Behind it men crouched with muskets ready, powder horns close at hand, their faces pale but set.

Elizabeth forced her horse into line with William, Talbot, and Bell, the weight of her musket heavy against her back.

Her chest felt tight as though her bindings had grown too cruel, her breath catching against the taste of smoke.

She could not shake the memory of Meryton, bright shops, children laughing in the lane, now replaced with this flight and ruin.

A sudden volley cracked from the far bank. Bullets sparked against the cobbles, one striking a shutter and splintering it to shards. Shouts followed, guttural and harsh, and the steady pounding of drums. The French advanced.

The first clash was brutal and close. Muskets flared, smoke belched, and men screamed as they fell.

Elizabeth fired, reloaded, fired again, her arms aching from the rhythm she had drilled until it was burned into her very bones.

The air grew thick with powder until her eyes stung and her throat burned.

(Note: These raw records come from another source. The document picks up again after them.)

(* Let $\mathbb{K}$ be a field with $\operatorname{char}(\mathbb{K})\neq 2$, let $d\geq 2$ and $\mathcal{R}=M_d(\mathbb{K})$, the ring of $d\times d$ matrices over $\mathbb{K}$, and let $f(\chi_1,\ldots,\chi_n)$ be a multilinear polynomial over $\mathbb{K}$ which is not central-valued on $\mathcal{R}$. Let $a_1,\ldots,a_6\in\mathcal{R}$ be such that $$a_1f(\zeta)^2+a_2f(\zeta)a_3f(\zeta)+f(\zeta)a_5f(\zeta)a_6+f(\zeta)a_4f(\zeta)-a_5f(\zeta)^2a_6=0$$ for all $\zeta=(\zeta_1,\ldots,\zeta_n)\in\mathcal{R}^n$. Then one of the following holds: (1) $a_2,a_5\in\mathbb{K}\cdot I_d$; (2) $a_2,a_6\in\mathbb{K}\cdot I_d$; (3) $a_3,a_5\in\mathbb{K}\cdot I_d$; (4) $a_3,a_6\in\mathbb{K}\cdot I_d$.
   Context: A multilinear polynomial over $\mathbb{K}$ is a noncommutative polynomial in which each variable appears exactly once in every monomial; it is non-central if not all its values on $\mathcal{R}$ are scalar matrices. $I_d$ is the identity matrix. (The paper writes $a_i\in\mathcal{U}$, the Utumi quotient ring, which for $M_d(\mathbb{K})$ coincides with $M_d(\mathbb{K})$.) *)

theory Defs
  imports "HOL-Analysis.Analysis" "HOL-Combinatorics.Permutations"
begin

text \<open>A multilinear noncommutative polynomial f(x_0,...,x_{n-1}) over the field 'a is
  f = sum over permutations s of {0..<n} of c(s) * x_{s 0} x_{s 1} ... x_{s (n-1)}.
  It is represented by its coefficient function c on permutations.\<close>

definition ordered_prod :: "nat \<Rightarrow> (nat \<Rightarrow> nat) \<Rightarrow> (nat \<Rightarrow> 'a::field^'d^'d) \<Rightarrow> 'a^'d^'d" where
  "ordered_prod n s \<zeta> = foldr (**) (map (\<lambda>i. \<zeta> (s i)) [0..<n]) (mat 1)"

definition mlpoly_eval :: "nat \<Rightarrow> ((nat \<Rightarrow> nat) \<Rightarrow> 'a::field) \<Rightarrow> (nat \<Rightarrow> 'a^'d^'d) \<Rightarrow> 'a^'d^'d" where
  "mlpoly_eval n c \<zeta> = (\<Sum>s\<in>{s. s permutes {0..<n}}. mat (c s) ** ordered_prod n s \<zeta>)"

definition scalar_matrix :: "'a::field^'d^'d \<Rightarrow> bool" where
  "scalar_matrix A \<longleftrightarrow> (\<exists>k. A = mat k)"

definition central_valued :: "nat \<Rightarrow> ((nat \<Rightarrow> nat) \<Rightarrow> 'a::field) \<Rightarrow> 'd::finite itself \<Rightarrow> bool" where
  "central_valued n c _ \<longleftrightarrow> (\<forall>\<zeta> :: nat \<Rightarrow> 'a^'d^'d. scalar_matrix (mlpoly_eval n c \<zeta>))"

end

theory Submission
  imports Defs
begin

text \<open>Let \<open>Q(F)\<close> be the left-hand side of the identity and \<open>B\<close> its polarization, so that
  \<open>Q(F + G) = Q(F) + Q(G) + B(F, G)\<close>. Because \<open>f\<close> is multilinear and the inner derivation
  \<open>X \<mapsto> A X - X A\<close> acts on a value \<open>f(\<zeta>)\<close> as the sum of its actions on the variables,
  \<open>Q \<circ> f = 0\<close> also gives \<open>B(N, A N - N A) = 0\<close> for every value \<open>N\<close> of \<open>f\<close>.
  A non-central multilinear polynomial has a nonzero multiple of a matrix unit \<open>E\<^sub>x\<^sub>y\<close>,
  \<open>x \<noteq> y\<close>, among its values, and the values are closed under conjugation; hence both identities
  hold for every square-zero rank-one matrix \<open>u v\<^sup>T\<close>. Applied to suitable vectors they yield two
  bilinear conditions on the pair \<open>(a\<^sub>2, a\<^sub>3)\<close>, and the same conditions on
  \<open>(a\<^sub>6\<^sup>T, a\<^sub>5\<^sup>T)\<close>. These force one matrix of the pair to be scalar: if \<open>u\<close> is not an
  eigenvector of one of them, the other is a scalar plus a rank-one matrix with image \<open>u\<close>; two
  such decompositions produce a vector that is an eigenvector of neither matrix, which the first
  condition forbids.\<close>

section \<open>Matrix arithmetic\<close>

definition matrix_scale :: "'a::times \<Rightarrow> 'a^'n^'m \<Rightarrow> 'a^'n^'m" where
  "matrix_scale k A = (\<chi> i j. k * A$i$j)"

William steadied the line beside her, shouting at the men to keep low. Talbot swore as his musket misfired, then snatched another from a fallen soldier to fire again. Bell’s face was white with powder, but his hands moved quick and sure, loading and ramming without pause.

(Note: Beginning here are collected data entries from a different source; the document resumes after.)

lemma mat_vec_laplacian_blowup2_lift:
  assumes "finite V"
    and regular: "\<And>v. v \<in> V \<Longrightarrow> card {w\<in>V. adj v w} = d"
    and eigen: "\<And>v. v \<in> V \<Longrightarrow> mat_vec V (adjacency adj) \<phi> v = \<theta> * \<phi> v"
    and "s \<in> {0, 1}" "w \<in> blowup2_verts V"
  shows "mat_vec (blowup2_verts V) (laplacian (blowup2_verts V) (blowup2_adj adj)) (\<lambda>(l, v). (-1) ^ (s * l) * \<phi> v) w
       = (2 * of_nat d - (if s = 0 then 2 * \<theta> else 0)) * (\<lambda>(l, v). (-1) ^ (s * l) * \<phi> v) w"
proof -
  obtain l v where w: "w = (l, v)" "l \<in> {0, 1}" "v \<in> V"
    using \<open>w \<in> blowup2_verts V\<close> by (auto simp: blowup2_verts_def)
  have "mat_vec V (adjacency adj) (\<lambda>y. \<phi> y + (-1) ^ s * \<phi> y) v
      = (if s = 0 then 2 else 0) * mat_vec V (adjacency adj) \<phi> v"
    using \<open>s \<in> {0, 1}\<close> by (auto simp: mat_vec_def sum_distrib_left mult_ac)
  then show ?thesis
    using w eigen[OF w(3)]
    by (auto simp: mat_vec_laplacian_blowup2[OF \<open>finite V\<close> regular w(3,2)] algebra_simps)
qed

lemma blowup2_laplacian_pst_odd_eigenvalues:
  fixes \<phi> :: "'i \<Rightarrow> 'v \<Rightarrow> complex" and m :: "'i \<Rightarrow> int"
  assumes "finite V" "finite I"
    and regular: "\<And>v. v \<in> V \<Longrightarrow> card {w\<in>V. adj v w} = d"
    and eigen: "\<And>i v. i \<in> I \<Longrightarrow> v \<in> V \<Longrightarrow> mat_vec V (adjacency adj) (\<phi> i) v = of_int (m i) * \<phi> i v"
    and odd: "\<And>i. i \<in> I \<Longrightarrow> odd (m i)"
    and decomp: "\<And>v. v \<in> V \<Longrightarrow> (\<Sum>i\<in>I. \<phi> i v) = unit_vec u v"
  shows "laplacian_pst (blowup2_verts V) (blowup2_adj adj) (0, u) (1, u)"
proof -
  let ?B = "blowup2_verts V"
  let ?L = "laplacian ?B (blowup2_adj adj)"
  let ?J = "{0::nat, 1} \<times> I"
  define c where "c = \<i> * complex_of_real (pi / 2)"
  define E where "E = exp (c * (2 * of_nat d))"
  \<comment> \<open>\<open>\<psi> (0, i)\<close> and \<open>\<psi> (1, i)\<close> are the symmetric and antisymmetric lifts of \<open>\<phi> i / 2\<close>.\<close>
  define \<psi> where "\<psi> = (\<lambda>(s, i) (l, v). (-1) ^ (s * l) * (\<phi> i v / 2) :: complex)"
  define \<mu> where "\<mu> = (\<lambda>(s::nat, i). 2 * of_nat d - (if s = 0 then 2 * of_int (m i) else 0) :: complex)"
  have eigen_blowup: "mat_vec ?B ?L (\<psi> j) w = \<mu> j * \<psi> j w" if "j \<in> ?J" "w \<in> ?B" for j w
  proof -
    obtain s i where j: "j = (s, i)" "s \<in> {0, 1}" "i \<in> I"
      using \<open>j \<in> ?J\<close> by auto
    have "mat_vec V (adjacency adj) (\<lambda>v. \<phi> i v / 2) v = of_int (m i) * (\<phi> i v / 2)" if "v \<in> V" for v
      using eigen[OF j(3) that] by (simp add: mat_vec_def sum_divide_distrib[symmetric])
    from mat_vec_laplacian_blowup2_lift[OF \<open>finite V\<close> regular this j(2) \<open>w \<in> ?B\<close>]
    show ?thesis
      using j(1) by (simp add: \<psi>_def \<mu>_def)
  qed
  have sum_J: "(\<Sum>(s, i)\<in>?J. f s * \<phi> i v) = (f 0 + f 1) * unit_vec u v" if "v \<in> V" for f :: "nat \<Rightarrow> complex" and v
    using decomp[OF that] by (simp add: sum.cartesian_product[symmetric] sum_distrib_left[symmetric] distrib_right)
  have decomp_blowup: "unit_vec (0, u) w = (\<Sum>j\<in>?J. \<psi> j w)" if wB: "w \<in> ?B" for w
  proof -
    obtain l v where w: "w = (l, v)" "l \<in> {0, 1}" "v \<in> V"
      using wB by (auto simp: blowup2_verts_def)
    have "(\<Sum>j\<in>?J. \<psi> j w) = (\<Sum>(s, i)\<in>?J. (-1) ^ (s * l) / 2 * \<phi> i v)"
      unfolding w(1) \<psi>_def by (intro sum.cong) auto
    also have "\<dots> = ((-1) ^ (0 * l) / 2 + (-1) ^ (1 * l) / 2) * unit_vec u v"
      using sum_J[OF w(3), of "\<lambda>s. (-1) ^ (s * l) / 2"] by simp
    finally show ?thesis
      using w by (auto simp: unit_vec_def)
  qed
  have exp_eigenvalue: "exp (c * \<mu> (s, i)) = (if s = 0 then -E else E)" if "i \<in> I" for s i
    using exp_half_pi_shift_odd[OF odd[OF that], of "2 * of_nat d"]
    by (simp add: c_def \<mu>_def E_def mult_ac)
  have "(\<lambda>k. c ^ k / fact k * (mat_vec ?B ?L ^^ k) (unit_vec (0, u)) w) sums (- E * unit_vec (1, u) w)"
    if wB: "w \<in> ?B" for w
  proof -
    obtain l v where w: "w = (l, v)" "l \<in> {0, 1}" "v \<in> V"
      using wB by (auto simp: blowup2_verts_def)
    have "(\<lambda>k. c ^ k / fact k * (mat_vec ?B ?L ^^ k) (unit_vec (0, u)) w)
        sums (\<Sum>j\<in>?J. exp (c * \<mu> j) * \<psi> j w)"
      using \<open>finite I\<close> by (intro exp_series_eigen_sum eigen_blowup decomp_blowup wB) auto
    also have "(\<Sum>j\<in>?J. exp (c * \<mu> j) * \<psi> j w)
        = (\<Sum>(s, i)\<in>?J. (if s = 0 then -E else E) * (-1) ^ (s * l) / 2 * \<phi> i v)"
      unfolding w(1) \<psi>_def by (intro sum.cong) (auto simp: exp_eigenvalue)
    also have "\<dots> = (- E / 2 + E * (-1) ^ l / 2) * unit_vec u v"
      using sum_J[OF w(3), of "\<lambda>s. (if s = 0 then -E else E) * (-1) ^ (s * l) / 2"] by simp
    also have "\<dots> = - E * unit_vec (1, u) w"
      using w by (auto simp: unit_vec_def)
    finally show ?thesis .
  qed
  then show ?thesis
    unfolding laplacian_pst_def c_def by (intro exI[of _ "pi / 2"] conjI exI[of _ "- E"] ballI) auto
qed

Still the French pressed forward, rank after rank, stepping over their dead, bayonets gleaming as they drove into the smoke.

Shots rang against the barricade, splintering shutters, smashing barrels, showering the defenders with shards of wood.

A man to Elizabeth’s left fell back with a cry, his shoulder torn, but another pressed forward into his place without hesitation.

The clash grew closer. Some of the French reached the barricade itself, bayonets thrusting over the broken carts.

Men grappled, shouting, striking with the butts of their muskets.

One British private went down in the crush, but William hauled him clear with a furious shout, thrusting his bayonet into the gap.

Elizabeth’s pulse pounded, the sound of drums beating through her very bones. She bit down hard, reloaded, and fired again into the press, the recoil jarring her shoulder. Around her the line held, but only just.

At their head men strained to push a powder-cart, iron wheels shrieking as they forced it forward. The bridge groaned beneath the weight.

“Fire!” Darcy’s command rang out. Another volley answered, cutting down the first ranks. Yet the cart rolled on, inch by inch, closer to the barricade.

Elizabeth’s heart hammered. If that cart reached them, Kingston was lost. London was lost. She searched the span, her gaze sweeping the smoke. Then she saw what no one else had marked: the bridge timbers bowing beneath the cart, joints splintering, ready to give way with one decisive strike.

And then, horror pierced her, she saw Major Darcy himself. He had ridden forward, rallying a wavering company, his back turned. A squad of French levelled their muskets, not at the barricade but at him. In another heartbeat he would be cut down.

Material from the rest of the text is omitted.